Directions for this task>
Find the string "paper" in the data, then copy every line where it is found.
□ □ □
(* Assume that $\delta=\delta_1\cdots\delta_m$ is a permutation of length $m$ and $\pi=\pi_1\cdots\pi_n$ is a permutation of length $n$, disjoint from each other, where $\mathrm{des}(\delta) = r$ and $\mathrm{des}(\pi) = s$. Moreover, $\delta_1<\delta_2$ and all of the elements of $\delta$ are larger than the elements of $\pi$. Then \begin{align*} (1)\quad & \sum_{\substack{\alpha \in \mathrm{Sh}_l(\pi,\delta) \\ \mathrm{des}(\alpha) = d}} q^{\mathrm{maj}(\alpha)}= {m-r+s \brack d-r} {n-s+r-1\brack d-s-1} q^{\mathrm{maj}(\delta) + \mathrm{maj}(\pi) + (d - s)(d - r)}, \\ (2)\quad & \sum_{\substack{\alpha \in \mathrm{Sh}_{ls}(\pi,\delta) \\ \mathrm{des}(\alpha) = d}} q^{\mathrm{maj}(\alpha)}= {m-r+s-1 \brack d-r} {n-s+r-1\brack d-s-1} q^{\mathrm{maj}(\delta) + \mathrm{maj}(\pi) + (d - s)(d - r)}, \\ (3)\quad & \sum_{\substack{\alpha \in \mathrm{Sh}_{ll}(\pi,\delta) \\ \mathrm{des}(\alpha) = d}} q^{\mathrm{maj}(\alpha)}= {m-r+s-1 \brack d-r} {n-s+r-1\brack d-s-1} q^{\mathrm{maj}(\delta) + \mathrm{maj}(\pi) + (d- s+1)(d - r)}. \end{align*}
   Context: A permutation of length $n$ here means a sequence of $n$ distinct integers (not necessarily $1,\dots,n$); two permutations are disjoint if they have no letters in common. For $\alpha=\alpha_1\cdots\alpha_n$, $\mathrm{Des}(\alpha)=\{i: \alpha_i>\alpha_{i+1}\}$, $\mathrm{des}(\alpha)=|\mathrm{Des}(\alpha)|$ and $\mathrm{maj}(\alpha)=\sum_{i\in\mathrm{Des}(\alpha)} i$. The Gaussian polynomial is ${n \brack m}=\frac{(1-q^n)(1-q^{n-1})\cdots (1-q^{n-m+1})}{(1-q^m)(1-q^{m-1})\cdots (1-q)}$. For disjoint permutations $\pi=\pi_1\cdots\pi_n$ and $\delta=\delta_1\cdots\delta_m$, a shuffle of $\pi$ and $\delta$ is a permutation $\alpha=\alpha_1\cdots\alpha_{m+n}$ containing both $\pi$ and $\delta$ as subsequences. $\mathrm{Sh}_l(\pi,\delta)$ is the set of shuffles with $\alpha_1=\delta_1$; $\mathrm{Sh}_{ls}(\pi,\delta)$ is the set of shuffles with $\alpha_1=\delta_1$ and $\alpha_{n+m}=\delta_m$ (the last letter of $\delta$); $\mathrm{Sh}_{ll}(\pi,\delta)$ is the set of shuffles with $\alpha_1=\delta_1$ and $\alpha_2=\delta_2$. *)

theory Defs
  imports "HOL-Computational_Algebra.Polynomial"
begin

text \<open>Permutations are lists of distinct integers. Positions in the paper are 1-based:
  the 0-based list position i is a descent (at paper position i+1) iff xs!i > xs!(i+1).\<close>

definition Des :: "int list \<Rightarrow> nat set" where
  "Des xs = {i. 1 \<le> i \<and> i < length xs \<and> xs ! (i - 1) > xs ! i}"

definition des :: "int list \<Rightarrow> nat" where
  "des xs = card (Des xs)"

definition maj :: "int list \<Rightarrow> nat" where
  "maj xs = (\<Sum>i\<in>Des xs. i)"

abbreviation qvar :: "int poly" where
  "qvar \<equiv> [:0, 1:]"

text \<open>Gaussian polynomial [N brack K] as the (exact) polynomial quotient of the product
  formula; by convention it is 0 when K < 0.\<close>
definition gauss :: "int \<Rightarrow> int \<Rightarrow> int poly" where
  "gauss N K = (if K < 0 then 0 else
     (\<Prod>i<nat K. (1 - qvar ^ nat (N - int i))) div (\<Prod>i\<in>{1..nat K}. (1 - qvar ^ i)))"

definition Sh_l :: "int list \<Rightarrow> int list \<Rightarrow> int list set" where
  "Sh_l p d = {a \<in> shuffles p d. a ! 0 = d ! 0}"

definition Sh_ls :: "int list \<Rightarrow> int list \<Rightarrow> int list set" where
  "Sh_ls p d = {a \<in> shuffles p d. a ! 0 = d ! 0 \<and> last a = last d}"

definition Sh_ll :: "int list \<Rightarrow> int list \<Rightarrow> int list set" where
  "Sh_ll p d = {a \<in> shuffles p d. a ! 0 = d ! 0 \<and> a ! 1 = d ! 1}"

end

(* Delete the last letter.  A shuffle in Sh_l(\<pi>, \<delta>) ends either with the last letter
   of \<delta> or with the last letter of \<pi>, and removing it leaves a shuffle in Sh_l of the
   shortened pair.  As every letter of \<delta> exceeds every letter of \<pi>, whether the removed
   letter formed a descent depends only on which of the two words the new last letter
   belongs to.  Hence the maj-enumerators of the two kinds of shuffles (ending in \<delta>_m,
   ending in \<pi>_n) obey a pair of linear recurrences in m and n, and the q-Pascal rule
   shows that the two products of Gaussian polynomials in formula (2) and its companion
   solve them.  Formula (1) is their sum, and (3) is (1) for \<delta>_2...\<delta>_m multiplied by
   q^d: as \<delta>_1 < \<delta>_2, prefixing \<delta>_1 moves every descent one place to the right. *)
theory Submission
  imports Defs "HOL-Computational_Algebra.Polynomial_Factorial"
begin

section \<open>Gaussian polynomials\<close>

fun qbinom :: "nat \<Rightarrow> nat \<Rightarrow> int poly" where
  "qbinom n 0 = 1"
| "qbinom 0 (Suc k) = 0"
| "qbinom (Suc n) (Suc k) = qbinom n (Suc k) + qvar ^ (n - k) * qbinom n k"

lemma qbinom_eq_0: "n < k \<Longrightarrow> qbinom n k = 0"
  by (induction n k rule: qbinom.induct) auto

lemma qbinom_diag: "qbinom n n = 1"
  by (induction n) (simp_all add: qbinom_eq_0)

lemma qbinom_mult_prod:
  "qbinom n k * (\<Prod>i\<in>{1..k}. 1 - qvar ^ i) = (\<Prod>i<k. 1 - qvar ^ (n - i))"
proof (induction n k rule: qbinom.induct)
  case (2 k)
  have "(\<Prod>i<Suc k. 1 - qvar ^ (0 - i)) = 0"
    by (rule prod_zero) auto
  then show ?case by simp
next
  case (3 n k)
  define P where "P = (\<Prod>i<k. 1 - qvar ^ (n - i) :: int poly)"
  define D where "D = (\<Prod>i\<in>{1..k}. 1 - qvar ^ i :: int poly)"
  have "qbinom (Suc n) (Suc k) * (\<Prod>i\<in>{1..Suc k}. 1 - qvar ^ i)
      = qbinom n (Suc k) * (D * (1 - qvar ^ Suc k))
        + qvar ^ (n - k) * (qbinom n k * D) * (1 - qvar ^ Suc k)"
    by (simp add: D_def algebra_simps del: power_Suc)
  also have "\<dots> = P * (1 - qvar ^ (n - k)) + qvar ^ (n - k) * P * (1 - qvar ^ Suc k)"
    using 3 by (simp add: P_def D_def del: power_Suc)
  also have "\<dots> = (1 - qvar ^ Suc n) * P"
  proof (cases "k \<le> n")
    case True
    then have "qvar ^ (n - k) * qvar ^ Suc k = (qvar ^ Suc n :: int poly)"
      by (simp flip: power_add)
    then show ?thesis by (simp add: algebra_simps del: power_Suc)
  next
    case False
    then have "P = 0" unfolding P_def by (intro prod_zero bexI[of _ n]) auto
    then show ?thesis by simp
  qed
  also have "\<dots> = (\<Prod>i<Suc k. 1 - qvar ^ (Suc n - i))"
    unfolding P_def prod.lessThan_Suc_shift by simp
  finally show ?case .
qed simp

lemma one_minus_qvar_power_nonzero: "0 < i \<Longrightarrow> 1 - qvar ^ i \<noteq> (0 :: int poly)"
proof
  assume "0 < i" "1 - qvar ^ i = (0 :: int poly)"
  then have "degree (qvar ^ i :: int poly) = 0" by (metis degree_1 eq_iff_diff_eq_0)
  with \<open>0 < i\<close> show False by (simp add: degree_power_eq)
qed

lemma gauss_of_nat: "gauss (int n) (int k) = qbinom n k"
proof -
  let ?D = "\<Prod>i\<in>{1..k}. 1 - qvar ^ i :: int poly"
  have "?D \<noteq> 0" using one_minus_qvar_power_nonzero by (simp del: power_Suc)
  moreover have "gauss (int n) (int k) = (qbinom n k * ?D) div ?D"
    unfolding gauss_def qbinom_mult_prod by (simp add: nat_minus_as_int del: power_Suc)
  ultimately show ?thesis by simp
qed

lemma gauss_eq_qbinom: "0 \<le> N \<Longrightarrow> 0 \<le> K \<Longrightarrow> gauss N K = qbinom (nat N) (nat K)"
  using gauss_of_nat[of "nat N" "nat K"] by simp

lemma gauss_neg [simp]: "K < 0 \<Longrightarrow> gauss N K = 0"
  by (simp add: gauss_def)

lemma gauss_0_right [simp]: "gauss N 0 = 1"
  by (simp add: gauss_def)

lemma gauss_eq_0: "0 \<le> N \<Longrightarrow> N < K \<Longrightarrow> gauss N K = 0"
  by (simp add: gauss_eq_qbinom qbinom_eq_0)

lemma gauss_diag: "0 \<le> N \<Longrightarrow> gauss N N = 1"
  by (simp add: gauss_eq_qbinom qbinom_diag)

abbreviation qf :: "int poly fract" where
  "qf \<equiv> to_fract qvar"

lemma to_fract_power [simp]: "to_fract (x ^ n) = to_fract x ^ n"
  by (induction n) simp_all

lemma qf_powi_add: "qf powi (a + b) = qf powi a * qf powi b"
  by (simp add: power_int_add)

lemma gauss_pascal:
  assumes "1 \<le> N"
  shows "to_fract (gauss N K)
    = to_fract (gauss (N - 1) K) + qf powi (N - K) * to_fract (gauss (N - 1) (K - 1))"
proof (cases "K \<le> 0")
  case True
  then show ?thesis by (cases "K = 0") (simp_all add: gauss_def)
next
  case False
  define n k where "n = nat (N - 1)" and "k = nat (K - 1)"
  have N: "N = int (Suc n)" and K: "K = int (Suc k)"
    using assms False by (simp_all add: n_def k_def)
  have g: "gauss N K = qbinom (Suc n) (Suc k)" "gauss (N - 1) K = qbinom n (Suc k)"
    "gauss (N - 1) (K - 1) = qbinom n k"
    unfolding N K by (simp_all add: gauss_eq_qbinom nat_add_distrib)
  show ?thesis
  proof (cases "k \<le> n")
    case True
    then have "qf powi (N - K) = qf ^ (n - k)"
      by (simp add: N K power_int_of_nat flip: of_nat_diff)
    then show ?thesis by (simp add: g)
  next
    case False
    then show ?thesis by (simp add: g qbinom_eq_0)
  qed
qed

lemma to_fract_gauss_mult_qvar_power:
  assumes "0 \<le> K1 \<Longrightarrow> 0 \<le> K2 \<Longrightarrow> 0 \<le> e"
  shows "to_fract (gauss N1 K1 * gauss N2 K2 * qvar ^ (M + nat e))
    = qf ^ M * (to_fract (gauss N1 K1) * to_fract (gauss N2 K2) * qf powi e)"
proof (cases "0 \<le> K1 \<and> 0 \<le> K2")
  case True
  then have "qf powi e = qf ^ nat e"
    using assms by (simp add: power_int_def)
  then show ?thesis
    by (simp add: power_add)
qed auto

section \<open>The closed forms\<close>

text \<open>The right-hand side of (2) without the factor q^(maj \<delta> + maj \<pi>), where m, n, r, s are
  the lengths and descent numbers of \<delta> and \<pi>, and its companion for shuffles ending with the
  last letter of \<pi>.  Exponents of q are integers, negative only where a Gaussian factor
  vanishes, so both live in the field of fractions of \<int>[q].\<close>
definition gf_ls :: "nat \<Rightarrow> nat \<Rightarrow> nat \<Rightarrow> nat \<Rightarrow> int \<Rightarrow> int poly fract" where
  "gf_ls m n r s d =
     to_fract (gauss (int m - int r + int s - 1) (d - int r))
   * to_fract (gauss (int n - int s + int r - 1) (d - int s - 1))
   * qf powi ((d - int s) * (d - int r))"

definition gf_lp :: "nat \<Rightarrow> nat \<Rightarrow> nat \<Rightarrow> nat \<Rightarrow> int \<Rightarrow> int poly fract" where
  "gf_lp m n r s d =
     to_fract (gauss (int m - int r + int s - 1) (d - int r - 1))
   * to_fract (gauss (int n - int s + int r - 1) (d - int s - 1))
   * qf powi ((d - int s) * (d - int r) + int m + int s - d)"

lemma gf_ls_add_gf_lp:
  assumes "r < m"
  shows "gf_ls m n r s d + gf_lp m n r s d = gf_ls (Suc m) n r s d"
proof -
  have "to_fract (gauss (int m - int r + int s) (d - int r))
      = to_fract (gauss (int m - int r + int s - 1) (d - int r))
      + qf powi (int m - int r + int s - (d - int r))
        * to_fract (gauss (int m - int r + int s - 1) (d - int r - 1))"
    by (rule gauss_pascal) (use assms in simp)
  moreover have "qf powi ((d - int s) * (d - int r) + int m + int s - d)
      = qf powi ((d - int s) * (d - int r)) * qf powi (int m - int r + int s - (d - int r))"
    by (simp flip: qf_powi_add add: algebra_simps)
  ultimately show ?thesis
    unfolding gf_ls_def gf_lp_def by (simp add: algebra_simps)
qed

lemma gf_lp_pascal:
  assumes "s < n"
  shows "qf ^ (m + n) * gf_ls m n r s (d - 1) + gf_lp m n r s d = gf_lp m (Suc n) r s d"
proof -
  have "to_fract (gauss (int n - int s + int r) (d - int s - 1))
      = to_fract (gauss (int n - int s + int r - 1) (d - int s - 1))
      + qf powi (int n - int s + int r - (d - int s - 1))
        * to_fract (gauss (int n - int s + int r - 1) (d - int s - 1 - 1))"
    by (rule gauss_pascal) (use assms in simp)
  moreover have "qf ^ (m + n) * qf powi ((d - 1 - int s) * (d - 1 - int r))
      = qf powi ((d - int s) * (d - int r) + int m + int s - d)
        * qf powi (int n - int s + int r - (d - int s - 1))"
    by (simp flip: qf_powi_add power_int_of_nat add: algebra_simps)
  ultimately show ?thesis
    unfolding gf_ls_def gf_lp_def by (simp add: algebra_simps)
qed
□ □ □
Task result>
text \<open>Permutations are lists of distinct integers. Positions in the paper are 1-based:
  the 0-based list position i is a descent (at paper position i+1) iff xs!i > xs!(i+1).\<close>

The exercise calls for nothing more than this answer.